= Mark Morton (businessman) =

American businessman and philanthropist (1858–1951)

Mark Morton (November 22, 1858 – June 25, 1951) was an American businessman and philanthropist. He co-founded the Morton Salt Company.

==Early life==
He was born in 1858 in Omaha, Nebraska. His father, J. Sterling Morton, was acting territorial governor of Nebraska, a former United States Secretary of Agriculture, and founder of Arbor Day. His mother, Caroline Joy Morton, was the only Caucasian woman present at the signing of the 1854 "Treaty with the Omaha" which paved the way for Nebraska's statehood. He grew up at the family home at Arbor Lodge, and attended public schools in Nebraska City.

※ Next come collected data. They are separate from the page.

lemma qvalue_diff:
  "qvalue beta c P i x u v - qvalue beta c P i x u v'
     = beta i * (\<Sum>y\<in>UNIV. P x u y * (v y - v' y))"
  by (simp add: qvalue_def algebra_simps sum_subtractf)

lemma jact_fun_upd: "jact (sg(i := p)) x = (jact sg x)(i := p x)"
  by (auto simp: jact_def)

lemma JPol_fun_upd: "sg \<in> JPol A \<Longrightarrow> p \<in> Pol A i \<Longrightarrow> sg(i := p) \<in> JPol A"
  by (auto simp: JPol_def)

lemma jact_in_joint_actions: "sg \<in> JPol A \<Longrightarrow> jact sg x \<in> joint_actions A"
  by (auto simp: jact_def joint_actions_def JPol_def Pol_def)

lemma stochastic_if_JPol: "is_game A beta P \<Longrightarrow> sg \<in> JPol A \<Longrightarrow> stochastic P sg"
  unfolding stochastic_def is_game_def by (metis jact_in_joint_actions)

lemma qvalue_mono:
  assumes "is_game A beta P" and "u \<in> joint_actions A" and "\<And>y. v y \<le> v' y"
  shows "qvalue beta c P i x u v \<le> qvalue beta c P i x u v'"
proof -
  have "0 \<le> beta i" and "\<And>y. 0 \<le> P x u y"
    using assms(1,2) by (auto simp: is_game_def less_imp_le)
  then show ?thesis
    unfolding qvalue_def using assms(3) by (simp add: mult_left_mono sum_mono)
qed

lemma Jc_bellman:
  assumes g: "is_game A beta P" and s: "sg \<in> JPol A"
  shows "Jc beta c P i sg x = qvalue beta c P i x (jact sg x) (Jc beta c P i sg)"
proof -
  have "\<bar>beta i\<bar> < 1"
    using g by (simp add: is_game_def abs_less_iff) (metis less_trans neg_less_0_iff_less)
  then show ?thesis
    using discounted_value_bellman[OF stochastic_if_JPol[OF g s]]
    by (simp add: Jc_def qvalue_def discounted_value_def[symmetric])
qed

lemma Jc_le_if_supersolution:
  assumes g: "is_game A beta P" and s: "sg \<in> JPol A"
    and super: "\<And>x. qvalue beta c P i x (jact sg x) v \<le> v x"
  shows "Jc beta c P i sg x \<le> v x"
proof -
  have "Jc beta c P i sg x - v x \<le> 0"
  proof (rule nonpos_if_discounted_subsolution[OF stochastic_if_JPol[OF g s]])
    show "0 \<le> beta i" "beta i < 1"
      using g by (auto simp: is_game_def less_imp_le)
    show "Jc beta c P i sg y - v y \<le> beta i * (\<Sum>z\<in>UNIV. P y (jact sg y) z * (Jc beta c P i sg z - v z))" for y
      using Jc_bellman[OF g s, of c i y] super[of y] qvalue_diff[of beta c P i y "jact sg y" "Jc beta c P i sg" v]
      by linarith
  qed
  then show ?thesis by simp
qed

lemma le_Jc_if_subsolution:
  assumes g: "is_game A beta P" and s: "sg \<in> JPol A"
    and sub: "\<And>x. v x \<le> qvalue beta c P i x (jact sg x) v"
  shows "v x \<le> Jc beta c P i sg x"
proof -
  have "v x - Jc beta c P i sg x \<le> 0"
  proof (rule nonpos_if_discounted_subsolution[OF stochastic_if_JPol[OF g s]])
    show "0 \<le> beta i" "beta i < 1"
      using g by (auto simp: is_game_def less_imp_le)
    show "v y - Jc beta c P i sg y \<le> beta i * (\<Sum>z\<in>UNIV. P y (jact sg y) z * (v z - Jc beta c P i sg z))" for y
      using Jc_bellman[OF g s, of c i y] sub[of y] qvalue_diff[of beta c P i y "jact sg y" v "Jc beta c P i sg"]
      by linarith
  qed
  then show ?thesis by simp
qed

subsection \<open>Existence of best replies\<close>

lemma best_reply_if_greedy:
  fixes sg :: "'i::finite \<Rightarrow> 'x::finite \<Rightarrow> 'a::finite"
  assumes g: "is_game A beta P" and s: "sg \<in> JPol A" and p: "p \<in> Pol A i"
    and greedy: "\<And>x a. a \<in> A i \<Longrightarrow>
       Jc beta c P i (sg(i := p)) x \<le> qvalue beta c P i x ((jact sg x)(i := a)) (Jc beta c P i (sg(i := p)))"
  shows "best_reply A beta c P i sg p"
  unfolding best_reply_def
proof (intro conjI p ballI allI)
  fix q :: "'x \<Rightarrow> 'a" and x :: 'x
  assume q: "q \<in> Pol A i"
  show "Jc beta c P i (sg(i := p)) x \<le> Jc beta c P i (sg(i := q)) x"
  proof (rule le_Jc_if_subsolution[OF g JPol_fun_upd[OF s q]])
    fix y
    show "Jc beta c P i (sg(i := p)) y \<le> qvalue beta c P i y (jact (sg(i := q)) y) (Jc beta c P i (sg(i := p)))"
      unfolding jact_fun_upd using q by (intro greedy) (simp add: Pol_def)
  qed
qed

lemma improving_deviation:
  assumes g: "is_game A beta P" and s: "sg \<in> JPol A" and p: "p \<in> Pol A i" and a: "a \<in> A i"
    and improves: "qvalue beta c P i x0 ((jact sg x0)(i := a)) (Jc beta c P i (sg(i := p)))
                   < Jc beta c P i (sg(i := p)) x0"
  shows "Jc beta c P i (sg(i := p(x0 := a))) x \<le> Jc beta c P i (sg(i := p)) x"
    and "Jc beta c P i (sg(i := p(x0 := a))) x0 < Jc beta c P i (sg(i := p)) x0"
proof -
  define J where "J = Jc beta c P i (sg(i := p))"
  define J' where "J' = Jc beta c P i (sg(i := p(x0 := a)))"
  have s': "sg(i := p(x0 := a)) \<in> JPol A"
    using p a by (intro JPol_fun_upd[OF s]) (auto simp: Pol_def)
  have super: "qvalue beta c P i z (jact (sg(i := p(x0 := a))) z) J \<le> J z" for z
  proof (cases "z = x0")
    case True
    then show ?thesis
      using improves by (simp add: jact_fun_upd J_def)
  next
    case False
    then show ?thesis
      using Jc_bellman[OF g JPol_fun_upd[OF s p], of c i z] by (simp add: jact_fun_upd J_def)
  qed
  then have le: "J' z \<le> J z" for z
    unfolding J'_def by (rule Jc_le_if_supersolution[OF g s'])
  then show "J' x \<le> J x" .
  have "J' x0 = qvalue beta c P i x0 (jact (sg(i := p(x0 := a))) x0) J'"
    unfolding J'_def by (rule Jc_bellman[OF g s'])
  also have "\<dots> \<le> qvalue beta c P i x0 (jact (sg(i := p(x0 := a))) x0) J"
    by (rule qvalue_mono[OF g jact_in_joint_actions[OF s'] le])
  also have "\<dots> < J x0"
    using improves by (simp add: jact_fun_upd J_def)
  finally show "J' x0 < J x0" .
qed

text \<open>A policy minimising the total value \<open>\<Sum>\<^sub>x J\<^sub>x\<close> admits no improving deviation, hence is greedy.\<close>
lemma exists_best_reply:
  fixes A :: "'i::finite \<Rightarrow> 'a::finite set" and P :: "'x::finite \<Rightarrow> ('i \<Rightarrow> 'a) \<Rightarrow> 'x \<Rightarrow> real"
  assumes g: "is_game A beta P" and s: "sg \<in> JPol A"
  shows "\<exists>p. best_reply A beta c P i sg p"
proof -
  define S where "S q = (\<Sum>x\<in>UNIV. Jc beta c P i (sg(i := q)) x)" for q
  have "(\<lambda>_. SOME a. a \<in> A i) \<in> (Pol A i :: ('x \<Rightarrow> 'a) set)"
    using g by (auto simp: Pol_def is_game_def some_in_eq)
  then obtain p where p: "p \<in> Pol A i" and p_min: "\<And>q. q \<in> Pol A i \<Longrightarrow> S p \<le> S q"
    using arg_min_if_finite[of "Pol A i" S] finite[of "Pol A i"]
    by (metis empty_iff not_le)
  have "Jc beta c P i (sg(i := p)) x \<le> qvalue beta c P i x ((jact sg x)(i := a)) (Jc beta c P i (sg(i := p)))"
    if a: "a \<in> A i" for x a
  proof (rule ccontr)
    assume "\<not> ?thesis"
    then have "S (p(x := a)) < S p"
      unfolding S_def using improving_deviation[OF g s p a, of c x]
      by (intro sum_strict_mono_ex1) (auto simp: not_le)
    moreover have "p(x := a) \<in> Pol A i"
      using p a by (auto simp: Pol_def)
    ultimately show False
      using p_min by fastforce
  qed
  then show ?thesis
    using best_reply_if_greedy[OF g s p] by blast
qed

lemma strict_best_reply_if_not_best_reply:
  assumes g: "is_game A beta P" and s: "sg \<in> JPol A" and not_br: "\<not> best_reply A beta c P i sg (sg i)"
  obtains p where "strict_best_reply A beta c P i sg p"
proof -
  obtain p where p: "best_reply A beta c P i sg p"
    using exists_best_reply[OF g s] by blast
  obtain q x where "q \<in> Pol A i" and "Jc beta c P i (sg(i := q)) x < Jc beta c P i sg x"
    using not_br s by (auto simp: best_reply_def JPol_def not_le)
  moreover have "Jc beta c P i (sg(i := p)) x \<le> Jc beta c P i (sg(i := q)) x"
    using p \<open>q \<in> Pol A i\<close> by (simp add: best_reply_def)
  ultimately have "Jc beta c P i (sg(i := p)) x < Jc beta c P i sg x"
    by linarith
  then show ?thesis
    using p that by (auto simp: strict_best_reply_def)
qed

lemma not_strict_best_reply_if_best_reply:
  "best_reply A beta c P i sg (sg i) \<Longrightarrow> \<not> strict_best_reply A beta c P i sg p"
  unfolding strict_best_reply_def best_reply_def by (metis fun_upd_triv not_less)

lemma min_cumber_singleton_iff:
  "sg \<in> JPol A \<Longrightarrow> min_cumber A beta c P {sg} \<longleftrightarrow> BRt A beta c P sg \<subseteq> {sg}"
  by (auto simp: min_cumber_def cumber_def)

lemma Peq_iff_BRt_subset:
  assumes g: "is_game A beta P" and s: "sg \<in> JPol A"
  shows "sg \<in> Peq A beta c P \<longleftrightarrow> BRt A beta c P sg \<subseteq> {sg}"
proof
  assume "sg \<in> Peq A beta c P"
  then show "BRt A beta c P sg \<subseteq> {sg}"
    using not_strict_best_reply_if_best_reply by (fastforce simp: Peq_def BRt_def)
next
  assume BRt_sub: "BRt A beta c P sg \<subseteq> {sg}"
  have "best_reply A beta c P i sg (sg i)" for i
  proof (rule ccontr)
    assume "\<not> best_reply A beta c P i sg (sg i)"
    then obtain p where p: "strict_best_reply A beta c P i sg p"
      using strict_best_reply_if_not_best_reply[OF g s] by blast
    then have "p \<noteq> sg i"
      by (auto simp: strict_best_reply_def)
    moreover have "sg(i := p) \<in> BRt A beta c P sg"
      using p s by (auto simp: BRt_def JPol_def strict_best_reply_def best_reply_def)
    ultimately show False
      using BRt_sub by (metis fun_upd_same singletonD subsetD)
  qed
  then show "sg \<in> Peq A beta c P"
    using s by (simp add: Peq_def)
qed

At the age of 18, Mark Morton went to work for his older brother, Paul Morton, as a clerk for the Burlington Railroad. In 1882, he became a salesman for the Harvey Lumber Co. of Chicago, and in 1890 was made superintendent of the main plant of the Nebraska City Packing Co. Later in life, he was also president of the Western Cold Storage Company (a major builder and provider of refrigerated storage facilities and railroad cars for the meatpacking industry).

==Morton Salt and other business ventures==
Morton and his second-eldest brother, Joy, were lifelong business partners. In 1885, he and Joy Morton co-founded the Joy Morton Lumber Co. They later co-founded the Morton Sand and Gravel Company.

They purchased Richmond and Company, a salt distributor in 1886 and renamed it Joy Morton and Company. Mark Morton was the company's vice president and one of its directors from its founding until his retirement in 1922. The company became the International Salt Company in 1902. Morton was forced to testify in federal court in 1903 after government investigators accused the company of antitrust violations. The company was incorporated in Illinois as the Morton Salt Company in 1910.

Morton was an active member of the Employers' Association of Greater Chicago, and was the anti-union organization's president in 1905.

==Family life and scandal==
Mark Morton married the former Martha Parkhurst Weare. The couple had four children: Laura, Helen, Joy and Jane. Martha Morton died in 1947.

His family life was something of an unhappy one. In 1914, his daughter Helen Morton eloped with Col. Roger Bayly. Morton tracked down his daughter and challenged the marriage on the grounds that she was mentally deranged. A court ruled in his favor, and Helen Morton was committed to an asylum. The marriage and institutionalization was a national scandal which highly embarrassed Mark Morton. When the distinguished journalist Webb Miller attempted to interview Helen Morton, Mark Morton kidnapped him and drove off with Miller tied up in the trunk of his car. Morton crashed the automobile, and police discovered the bound Miller in the vehicle. Miller sued Morton, but won only a minimal payment six years later.

==Retirement and death==
In 1931, after his retirement, Mark Morton built a mansion and settled in what is now Carol Stream (DuPage County), Illinois. He raised and bred horses, cattle, sheep and many other animals. He was one of the co-founders of the International Livestock Exhibition. He was seriously injured in 1937 when a train struck his car at a crossing.

He died at his home after a lengthy illness on June 25, 1951, at the age of 92. He left the bulk of his $750,000 fortune to charity.